Взглянув на карточку, которую посетитель держал в руке, Беверли заметил:
— У вас не очень-то много опыта по этой части. Как вы думаете, вы справитесь с работой?
— Мне кажется, справлюсь, — поспешно ответил Робинсон. Он скрестил ступни, потом снова поставил их параллельно.
Беверли кивнул, поджав губы. Он подтолкнул к Робинсону лежавший на столе журнал.
— Вы знакомы с этой публикацией?
На странице была женщина в купальнике, которая залихватски затягивалась сигаретой. Заголовок гласил: «Она выкуривает не меньше десятка наших сигарет в день».
— Да, я это видел, — пробормотал Робинсон, стараясь придумать, что бы еще сказать. — Это… Да, это вроде того, что обычно читаешь в очереди в парикмахерской. Не так ли?
Беверли снова кивнул, на этот раз медленнее, но выражение лица не изменилось. Робинсон скрестил ступни.
Беверли произнес:
— В ваши обязанности будет входить отбор фотографий для этого журнала. — Он указал на соседний стол, заваленный снимками.
— Вы уверены, что вам это по плечу?
Робинсон взглянул на верхнюю фотографию, изображавшую женщину, одетую во что-то вроде циркового костюма. На рыхлой коже толстым слоем лежала пудра, на ресницах висели хлопья туши.

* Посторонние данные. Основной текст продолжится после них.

(* Let $\mathbb K$ be an algebraically closed field of characteristic $0$. Let $\sigma=\sum_{i=1}^r\omega_i\mathbf e_{\xi_i}(\mathbf y)$ with $\omega_i\in\mathbb K\setminus\{0\}$ and $\xi_1,\dots,\xi_r\in\mathbb K^n$ pairwise distinct. Let $g\in\mathbb K[\mathbf x]$ separate the points, i.e. $g(\xi_i)\ne g(\xi_j)$ for $i\ne j$. Then for each $i$, the set of $v\in\mathcal A_\sigma$ with $\mathcal H_{g\star\sigma}(v)=g(\xi_i)\mathcal H_\sigma(v)$ is one dimensional. For any nonzero such $v_i$ ($i=1,\dots,r$), the elements $v_1,\dots,v_r$ are linearly independent, $v_i(\xi_i)\ne0$, and $$\langle\sigma\mid x_jv_i\rangle=\xi_{i,j}\,\langle\sigma\mid v_i\rangle\quad(j=1,\dots,n,\ i=1,\dots,r),$$ $$\sigma(\mathbf y)=\sum_{i=1}^r\frac{\langle\sigma\mid v_i\rangle}{v_i(\xi_i)}\,\mathbf e_{\xi_i}(\mathbf y).$$
   Context: $\mathbb K[[\mathbf y]]$ is identified with the dual of $\mathbb K[\mathbf x]$ via $\langle\mathbf y^\alpha\mid\mathbf x^\beta\rangle=\alpha!\,\delta_{\alpha\beta}$. $p\star\sigma$ is defined by $\langle p\star\sigma\mid q\rangle=\langle\sigma\mid pq\rangle$. $I_\sigma=\ker(p\mapsto p\star\sigma)$ and $\mathcal A_\sigma=\mathbb K[\mathbf x]/I_\sigma$. $\mathcal H_\sigma:\mathcal A_\sigma\to\mathcal A_\sigma^*\cong I_\sigma^\perp$ is $p\mapsto p\star\sigma$, and $\mathcal H_{g\star\sigma}(p)=(gp)\star\sigma$. Values $v(\xi_i)$ and $\langle\sigma\mid v\rangle$ are well defined for $v\in\mathcal A_\sigma$, since $\xi_i$ is a common zero of $I_\sigma$ and $\sigma$ vanishes on $I_\sigma$. $\mathbf e_\xi(\mathbf y)=\exp(\sum_j\xi_jy_j)$, and $\xi_{i,j}$ is the $j$-th coordinate of $\xi_i$. *)

theory Defs
  imports "HOL-Computational_Algebra.Polynomial" "HOL-Library.Poly_Mapping"
begin

text \<open>Formal power series K[[y]] as arbitrary coefficient functions on monomials.\<close>

type_synonym ('n, 'a) mpoly = "('n \<Rightarrow>\<^sub>0 nat) \<Rightarrow>\<^sub>0 'a"
type_synonym ('n, 'a) fps_y = "('n \<Rightarrow>\<^sub>0 nat) \<Rightarrow> 'a"

definition mfact :: "('n \<Rightarrow>\<^sub>0 nat) \<Rightarrow> nat" where
  "mfact \<alpha> = (\<Prod>j\<in>Poly_Mapping.keys \<alpha>. fact (Poly_Mapping.lookup \<alpha> j))"

definition mmono :: "('n \<Rightarrow>\<^sub>0 nat) \<Rightarrow> ('n, 'a::comm_ring_1) mpoly" where
  "mmono \<alpha> = Poly_Mapping.single \<alpha> 1"

definition mvar :: "'n \<Rightarrow> ('n, 'a::comm_ring_1) mpoly" where
  "mvar j = mmono (Poly_Mapping.single j 1)"

definition mconst :: "'a::comm_ring_1 \<Rightarrow> ('n, 'a) mpoly" where
  "mconst c = Poly_Mapping.single 0 c"

definition meval :: "('n, 'a::comm_ring_1) mpoly \<Rightarrow> ('n \<Rightarrow> 'a) \<Rightarrow> 'a" where
  "meval p \<xi> = (\<Sum>\<alpha>\<in>Poly_Mapping.keys p. Poly_Mapping.lookup p \<alpha> * (\<Prod>j\<in>Poly_Mapping.keys \<alpha>. \<xi> j ^ Poly_Mapping.lookup \<alpha> j))"

text \<open>Pairing  <y^a | x^b> = a! delta_ab.\<close>
definition pairing :: "('n, 'a::field_char_0) fps_y \<Rightarrow> ('n, 'a) mpoly \<Rightarrow> 'a" where
  "pairing \<sigma> p = (\<Sum>\<alpha>\<in>Poly_Mapping.keys p. \<sigma> \<alpha> * of_nat (mfact \<alpha>) * Poly_Mapping.lookup p \<alpha>)"

text \<open>p \<star> \<sigma>, characterised by <p \<star> \<sigma> | q> = <\<sigma> | p q>.\<close>
definition star :: "('n, 'a::field_char_0) mpoly \<Rightarrow> ('n, 'a) fps_y \<Rightarrow> ('n, 'a) fps_y" where
  "star p \<sigma> = (\<lambda>\<alpha>. pairing \<sigma> (p * mmono \<alpha>) / of_nat (mfact \<alpha>))"

text \<open>Hankel operator H_\<sigma>(p) = p \<star> \<sigma> (on representatives of A_\<sigma>).\<close>
definition hankel :: "('n, 'a::field_char_0) fps_y \<Rightarrow> ('n, 'a) mpoly \<Rightarrow> ('n, 'a) fps_y" where
  "hankel \<sigma> p = star p \<sigma>"

definition I_sigma :: "('n, 'a::field_char_0) fps_y \<Rightarrow> ('n, 'a) mpoly set" where
  "I_sigma \<sigma> = {p. star p \<sigma> = (\<lambda>_. 0)}"

text \<open>Exponential series e_\<xi>(y) = exp(\<Sum>_j \<xi>_j y_j).\<close>
definition exp_y :: "('n \<Rightarrow> 'a::field_char_0) \<Rightarrow> ('n, 'a) fps_y" where
  "exp_y \<xi> = (\<lambda>\<alpha>. (\<Prod>j\<in>Poly_Mapping.keys \<alpha>. \<xi> j ^ Poly_Mapping.lookup \<alpha> j) / of_nat (mfact \<alpha>))"

end

theory Submission imports Defs begin

text \<open>Everything reduces to evaluation at the points \<open>\<xi>\<^sub>k\<close>: pairing with
  \<open>\<sigma> = \<Sum>\<^sub>k \<omega>\<^sub>k e\<^bsub>\<xi>\<^sub>k\<^esub>\<close> is \<open>p \<mapsto> \<Sum>\<^sub>k \<omega>\<^sub>k p(\<xi>\<^sub>k)\<close>, and \<open>p \<star> \<sigma> = \<Sum>\<^sub>k \<omega>\<^sub>k p(\<xi>\<^sub>k) e\<^bsub>\<xi>\<^sub>k\<^esub>\<close>.
  Since Lagrange polynomials separate distinct points, such exponential sums determine their
  coefficients. Hence \<open>p \<in> I\<^sub>\<sigma>\<close> iff \<open>p\<close> vanishes at every \<open>\<xi>\<^sub>k\<close>, and the generalized
  eigenvalue equation for \<open>g(\<xi>\<^sub>i)\<close> says \<open>(g(\<xi>\<^sub>k) - g(\<xi>\<^sub>i)) p(\<xi>\<^sub>k) = 0\<close> for all \<open>k\<close>, i.e. that \<open>p\<close>
  vanishes at \<open>\<xi>\<^sub>k\<close> for \<open>k \<noteq> i\<close>. So the eigenvectors are, modulo \<open>I\<^sub>\<sigma>\<close>, the multiples of
  the \<open>i\<close>-th Lagrange polynomial, and all remaining claims follow by evaluating.\<close>

definition mon_eval :: "('n \<Rightarrow>\<^sub>0 nat) \<Rightarrow> ('n \<Rightarrow> 'a::comm_ring_1) \<Rightarrow> 'a" where
  "mon_eval \<alpha> \<xi> = (\<Prod>j\<in>Poly_Mapping.keys \<alpha>. \<xi> j ^ Poly_Mapping.lookup \<alpha> j)"

lemma mon_eval_superset:
  assumes "finite S" "Poly_Mapping.keys \<alpha> \<subseteq> S"
  shows "mon_eval \<alpha> \<xi> = (\<Prod>j\<in>S. \<xi> j ^ Poly_Mapping.lookup \<alpha> j)"
  unfolding mon_eval_def using assms
  by (intro prod.mono_neutral_left) (auto simp: in_keys_iff)

lemma mon_eval_add: "mon_eval (\<alpha> + \<beta>) \<xi> = mon_eval \<alpha> \<xi> * mon_eval \<beta> \<xi>"
proof -
  let ?S = "Poly_Mapping.keys \<alpha> \<union> Poly_Mapping.keys \<beta>"
  have "mon_eval (\<alpha> + \<beta>) \<xi> = (\<Prod>j\<in>?S. \<xi> j ^ Poly_Mapping.lookup (\<alpha> + \<beta>) j)"
    using keys_add[of \<alpha> \<beta>] by (intro mon_eval_superset) auto
  also have "\<dots> = (\<Prod>j\<in>?S. \<xi> j ^ Poly_Mapping.lookup \<alpha> j) * (\<Prod>j\<in>?S. \<xi> j ^ Poly_Mapping.lookup \<beta> j)"
    by (simp add: lookup_add power_add prod.distrib)
  also have "\<dots> = mon_eval \<alpha> \<xi> * mon_eval \<beta> \<xi>"
    by (simp add: mon_eval_superset[of ?S])
  finally show ?thesis .
qed

lemma mon_eval_single_one: "mon_eval (Poly_Mapping.single j 1) \<xi> = \<xi> j"
proof -
  have "Poly_Mapping.keys (Poly_Mapping.single j (1::nat)) = {j}" by simp
  then show ?thesis by (simp add: mon_eval_def)
qed

lemma meval_superset:
  assumes "finite S" "Poly_Mapping.keys p \<subseteq> S"
  shows "meval p \<xi> = (\<Sum>\<alpha>\<in>S. Poly_Mapping.lookup p \<alpha> * mon_eval \<alpha> \<xi>)"
  unfolding meval_def mon_eval_def using assms
  by (intro sum.mono_neutral_left) (auto simp: in_keys_iff)

lemma meval_single: "meval (Poly_Mapping.single \<alpha> a) \<xi> = a * mon_eval \<alpha> \<xi>"
  by (simp add: meval_def mon_eval_def)

lemma meval_zero [simp]: "meval 0 \<xi> = 0"
  by (simp add: meval_def)

lemma meval_one [simp]: "meval 1 \<xi> = 1"
  using meval_single[of 0 1 \<xi>] by (simp add: mon_eval_def)

lemma meval_add: "meval (p + q) \<xi> = meval p \<xi> + meval q \<xi>"
proof -
  let ?S = "Poly_Mapping.keys p \<union> Poly_Mapping.keys q"
  have "meval (p + q) \<xi> = (\<Sum>\<alpha>\<in>?S. Poly_Mapping.lookup (p + q) \<alpha> * mon_eval \<alpha> \<xi>)"
    using keys_add[of p q] by (intro meval_superset) auto
  also have "\<dots> = meval p \<xi> + meval q \<xi>"
    by (simp add: lookup_add distrib_right sum.distrib meval_superset[of ?S])
  finally show ?thesis .
qed

lemma meval_diff: "meval (p - q) \<xi> = meval p \<xi> - meval q \<xi>"
  using meval_add[of "p - q" q \<xi>] by simp

lemma meval_sum: "meval (\<Sum>i\<in>A. f i) \<xi> = (\<Sum>i\<in>A. meval (f i) \<xi>)"
  by (induction A rule: infinite_finite_induct) (auto simp: meval_add)

lemma poly_mapping_sum_single:
  "p = (\<Sum>\<alpha>\<in>Poly_Mapping.keys p. Poly_Mapping.single \<alpha> (Poly_Mapping.lookup p \<alpha>))"
  by (rule poly_mapping_eqI) (auto simp: lookup_sum lookup_single when_def in_keys_iff)

lemma meval_mult: "meval (p * q) \<xi> = meval p \<xi> * meval q \<xi>"
proof -
  let ?A = "Poly_Mapping.keys p" and ?B = "Poly_Mapping.keys q"
  have "p * q = (\<Sum>\<alpha>\<in>?A. \<Sum>\<beta>\<in>?B.
      Poly_Mapping.single (\<alpha> + \<beta>) (Poly_Mapping.lookup p \<alpha> * Poly_Mapping.lookup q \<beta>))"
    by (subst poly_mapping_sum_single[of p], subst poly_mapping_sum_single[of q])
       (simp add: sum_product mult_single)
  then have "meval (p * q) \<xi> = (\<Sum>\<alpha>\<in>?A. \<Sum>\<beta>\<in>?B.
      (Poly_Mapping.lookup p \<alpha> * mon_eval \<alpha> \<xi>) * (Poly_Mapping.lookup q \<beta> * mon_eval \<beta> \<xi>))"
    by (simp add: meval_sum meval_single mon_eval_add mult_ac)
  also have "\<dots> = meval p \<xi> * meval q \<xi>"
    by (simp add: meval_def mon_eval_def sum_product)
  finally show ?thesis .
qed

lemma meval_prod: "meval (\<Prod>i\<in>A. f i) \<xi> = (\<Prod>i\<in>A. meval (f i) \<xi>)"
  by (induction A rule: infinite_finite_induct) (auto simp: meval_mult)

lemma meval_mconst [simp]: "meval (mconst c) \<xi> = c"
  by (simp add: mconst_def meval_single mon_eval_def)

lemma meval_mvar [simp]: "meval (mvar j) \<xi> = \<xi> j"
  unfolding mvar_def mmono_def meval_single mon_eval_single_one by simp

lemma meval_mmono: "meval (mmono \<alpha>) \<xi> = mon_eval \<alpha> \<xi>"
  by (simp add: mmono_def meval_single)

lemma mfact_nonzero [simp]: "mfact \<alpha> \<noteq> 0"
  by (simp add: mfact_def)

lemma exp_y_eq: "exp_y \<xi> \<alpha> = mon_eval \<alpha> \<xi> / of_nat (mfact \<alpha>)"
  by (simp add: exp_y_def mon_eval_def)

definition exp_sum :: "nat \<Rightarrow> (nat \<Rightarrow> 'n \<Rightarrow> 'a::field_char_0) \<Rightarrow> (nat \<Rightarrow> 'a) \<Rightarrow> ('n, 'a) fps_y" where
  "exp_sum r \<xi> w = (\<lambda>\<alpha>. \<Sum>k<r. w k * exp_y (\<xi> k) \<alpha>)"

lemma pairing_exp_sum: "pairing (exp_sum r \<xi> w) p = (\<Sum>k<r. w k * meval p (\<xi> k))"
proof -
  have "exp_sum r \<xi> w \<alpha> * of_nat (mfact \<alpha>) = (\<Sum>k<r. w k * mon_eval \<alpha> (\<xi> k))" for \<alpha>
    by (simp add: exp_sum_def exp_y_eq sum_distrib_right)
  then have "pairing (exp_sum r \<xi> w) p
      = (\<Sum>\<alpha>\<in>Poly_Mapping.keys p. \<Sum>k<r. w k * (Poly_Mapping.lookup p \<alpha> * mon_eval \<alpha> (\<xi> k)))"
    by (simp add: pairing_def sum_distrib_left mult_ac)
  also have "\<dots> = (\<Sum>k<r. w k * meval p (\<xi> k))"
    by (subst sum.swap) (simp add: meval_def mon_eval_def sum_distrib_left)
  finally show ?thesis .
qed

lemma star_exp_sum: "star p (exp_sum r \<xi> w) = exp_sum r \<xi> (\<lambda>k. w k * meval p (\<xi> k))"
  unfolding star_def pairing_exp_sum
  by (rule ext) (simp add: exp_sum_def meval_mult meval_mmono exp_y_eq sum_divide_distrib mult_ac)

lemma sum_lessThan_single:
  fixes f :: "nat \<Rightarrow> 'a::comm_monoid_add"
  assumes "m < r" "\<And>k. k < r \<Longrightarrow> k \<noteq> m \<Longrightarrow> f k = 0"
  shows "(\<Sum>k<r. f k) = f m"
  using assms by (subst sum.remove[of "{..<r}" m]) (auto intro!: sum.neutral)

text \<open>The factor for \<open>k\<close> uses a coordinate in which \<open>\<xi>\<^sub>m\<close> and \<open>\<xi>\<^sub>k\<close> differ; for \<open>\<xi>\<^sub>m = \<xi>\<^sub>k\<close>
  the choice is arbitrary and the polynomial meaningless.\<close>

definition lagrange_basis :: "(nat \<Rightarrow> 'n \<Rightarrow> 'a::field) \<Rightarrow> nat \<Rightarrow> nat \<Rightarrow> ('n, 'a) mpoly" where
  "lagrange_basis \<xi> r m = (\<Prod>k\<in>{..<r} - {m}. let j = (SOME j. \<xi> m j \<noteq> \<xi> k j) in
     mconst (inverse (\<xi> m j - \<xi> k j)) * (mvar j - mconst (\<xi> k j)))"

lemma meval_lagrange_basis:
  assumes "inj_on \<xi> {..<r}" "m < r" "k < r"
  shows "meval (lagrange_basis \<xi> r m) (\<xi> k) = (if k = m then 1 else 0)"
proof -
  define c where "c l = (SOME j. \<xi> m j \<noteq> \<xi> l j)" for l
  have c: "\<xi> m (c l) \<noteq> \<xi> l (c l)" if "l \<in> {..<r} - {m}" for l
  proof -
    have "\<xi> m \<noteq> \<xi> l" using assms(1,2) that by (auto dest: inj_onD)
    then have "\<exists>j. \<xi> m j \<noteq> \<xi> l j" by (auto simp: fun_eq_iff)
    then show ?thesis unfolding c_def by (rule someI_ex)
  qed
  have eval: "meval (lagrange_basis \<xi> r m) (\<xi> k)
      = (\<Prod>l\<in>{..<r} - {m}. inverse (\<xi> m (c l) - \<xi> l (c l)) * (\<xi> k (c l) - \<xi> l (c l)))"
    by (simp add: lagrange_basis_def c_def Let_def meval_prod meval_mult meval_diff)
  show ?thesis
  proof (cases "k = m")
    case True
    have "inverse (\<xi> m (c l) - \<xi> l (c l)) * (\<xi> m (c l) - \<xi> l (c l)) = 1"
      if "l \<in> {..<r} - {m}" for l
      using c[OF that] by simp
    then show ?thesis using True by (simp add: eval[unfolded True])
  next
    case False
    with assms(3) show ?thesis by (simp add: eval) (intro prod_zero bexI[of _ k], auto)
  qed
qed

— Да, конечно. То есть, я имею в виду, мне кажется, у меня могло бы получиться.
— Гм. Хорошо, Робинсон. Спасибо, что пришли. Мы вас известим. Пройдите вон туда. — Беверли снова пожал Робинсону руку и отвернулся.
Робинсон направился к лифту. Он знал, что не получит эту работу, а даже если бы и получил, то скоро возненавидел бы ее. Выйдя на улицу, он пошел против потока лиц с пустыми глазами и непрерывно жующими ртами. Такси проехало по крышке канализационного люка — клинк-кланк. Из ямы, вырытой на углу улицы, поднимался пар. Мир был похож на головоломку, в которой недоставало половины фрагментов. Какой смысл во всех этих одинаковых серых зданиях и в этом грязном небе?
Дома он залил яйцом оставшееся от вчерашнего обеда мясо и стал механически жевать, глядя в «Дейли Ньюз» и слушая радио. Потом приготовил чашку растворимого кофе, унес ее в уютный угол, где стояло кресло. Рядом на столике лежала книжка в бумажной обложке, на которой был изображен молодой человек с обнаженным бронзовым мускулистым торсом, поражающий ятаганом чудовищного летучего вепря. За его спиной пряталась девица, чью грудь прикрывали металлические пластинки, а на заднем плане виднелся парусник. Робинсон нашел место, где остановился в прошлый раз, перегнул переплет книжки, чтобы она не закрывалась, и углубился в чтение. «Среди ночи, — читал он, — юный моряк вздрогнул и проснулся…»
Он заснул, сидя на стуле, и теперь чувствовал, что у него одеревенела шея и затекли ноги. Аким встал, походил по каюте, насколько позволяли ее размеры, но этого ему показалось мало, и он вышел в коридор. Корабль был погружен в темноту и безмолвие. Повинуясь внезапному порыву, он взбежал по трапу к призрачному ночному небу. Палуба была залита лунным светом. На фор-марсе светился красный огонек — дозорный курил свою трубку. Это, должно быть, Райлох, его двоюродный брат с таким же бычьим лицом, как у его отца, Занида и прочих родственников. На всем этом проклятом корабле нет ни единого человека, с кем можно было бы поговорить, кто мог бы понять его чувства.